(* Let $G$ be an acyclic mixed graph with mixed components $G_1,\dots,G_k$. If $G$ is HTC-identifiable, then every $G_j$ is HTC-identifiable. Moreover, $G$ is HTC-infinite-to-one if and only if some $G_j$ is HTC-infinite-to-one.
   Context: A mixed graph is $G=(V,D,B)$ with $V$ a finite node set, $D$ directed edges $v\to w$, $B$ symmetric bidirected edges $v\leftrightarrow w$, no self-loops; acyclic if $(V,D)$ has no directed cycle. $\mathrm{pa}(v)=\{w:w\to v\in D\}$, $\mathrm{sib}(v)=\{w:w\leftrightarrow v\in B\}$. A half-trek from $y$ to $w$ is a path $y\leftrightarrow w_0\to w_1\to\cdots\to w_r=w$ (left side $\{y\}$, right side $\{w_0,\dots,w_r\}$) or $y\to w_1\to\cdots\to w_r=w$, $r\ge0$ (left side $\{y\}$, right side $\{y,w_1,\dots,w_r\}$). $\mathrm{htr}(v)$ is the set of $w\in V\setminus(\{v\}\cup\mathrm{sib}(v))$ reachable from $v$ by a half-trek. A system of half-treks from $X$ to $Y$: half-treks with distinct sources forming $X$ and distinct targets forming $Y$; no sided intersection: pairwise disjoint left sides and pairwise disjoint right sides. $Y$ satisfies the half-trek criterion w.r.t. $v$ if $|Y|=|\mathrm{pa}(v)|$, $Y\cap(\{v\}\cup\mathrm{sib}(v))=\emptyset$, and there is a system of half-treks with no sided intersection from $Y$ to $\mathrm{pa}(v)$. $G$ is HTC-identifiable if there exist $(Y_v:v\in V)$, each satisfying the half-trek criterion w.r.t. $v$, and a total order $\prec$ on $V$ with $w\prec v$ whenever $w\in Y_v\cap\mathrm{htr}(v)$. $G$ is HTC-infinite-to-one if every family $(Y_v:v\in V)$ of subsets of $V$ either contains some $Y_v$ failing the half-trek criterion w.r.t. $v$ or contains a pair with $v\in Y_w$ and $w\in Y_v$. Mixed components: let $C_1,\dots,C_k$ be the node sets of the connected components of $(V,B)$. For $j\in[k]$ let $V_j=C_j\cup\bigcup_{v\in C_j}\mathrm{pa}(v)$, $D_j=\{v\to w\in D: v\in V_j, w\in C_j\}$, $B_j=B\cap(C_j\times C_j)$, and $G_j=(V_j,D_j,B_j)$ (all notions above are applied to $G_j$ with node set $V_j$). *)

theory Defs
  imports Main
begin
═══
> **Work request**
Take from the material above every line that includes the word "dots".

> **Written answer**
(* Let $G$ be an acyclic mixed graph with mixed components $G_1,\dots,G_k$. If $G$ is HTC-identifiable, then every $G_j$ is HTC-identifiable. Moreover, $G$ is HTC-infinite-to-one if and only if some $G_j$ is HTC-infinite-to-one.
   Context: A mixed graph is $G=(V,D,B)$ with $V$ a finite node set, $D$ directed edges $v\to w$, $B$ symmetric bidirected edges $v\leftrightarrow w$, no self-loops; acyclic if $(V,D)$ has no directed cycle. $\mathrm{pa}(v)=\{w:w\to v\in D\}$, $\mathrm{sib}(v)=\{w:w\leftrightarrow v\in B\}$. A half-trek from $y$ to $w$ is a path $y\leftrightarrow w_0\to w_1\to\cdots\to w_r=w$ (left side $\{y\}$, right side $\{w_0,\dots,w_r\}$) or $y\to w_1\to\cdots\to w_r=w$, $r\ge0$ (left side $\{y\}$, right side $\{y,w_1,\dots,w_r\}$). $\mathrm{htr}(v)$ is the set of $w\in V\setminus(\{v\}\cup\mathrm{sib}(v))$ reachable from $v$ by a half-trek. A system of half-treks from $X$ to $Y$: half-treks with distinct sources forming $X$ and distinct targets forming $Y$; no sided intersection: pairwise disjoint left sides and pairwise disjoint right sides. $Y$ satisfies the half-trek criterion w.r.t. $v$ if $|Y|=|\mathrm{pa}(v)|$, $Y\cap(\{v\}\cup\mathrm{sib}(v))=\emptyset$, and there is a system of half-treks with no sided intersection from $Y$ to $\mathrm{pa}(v)$. $G$ is HTC-identifiable if there exist $(Y_v:v\in V)$, each satisfying the half-trek criterion w.r.t. $v$, and a total order $\prec$ on $V$ with $w\prec v$ whenever $w\in Y_v\cap\mathrm{htr}(v)$. $G$ is HTC-infinite-to-one if every family $(Y_v:v\in V)$ of subsets of $V$ either contains some $Y_v$ failing the half-trek criterion w.r.t. $v$ or contains a pair with $v\in Y_w$ and $w\in Y_v$. Mixed components: let $C_1,\dots,C_k$ be the node sets of the connected components of $(V,B)$. For $j\in[k]$ let $V_j=C_j\cup\bigcup_{v\in C_j}\mathrm{pa}(v)$, $D_j=\{v\to w\in D: v\in V_j, w\in C_j\}$, $B_j=B\cap(C_j\times C_j)$, and $G_j=(V_j,D_j,B_j)$ (all notions above are applied to $G_j$ with node set $V_j$). *)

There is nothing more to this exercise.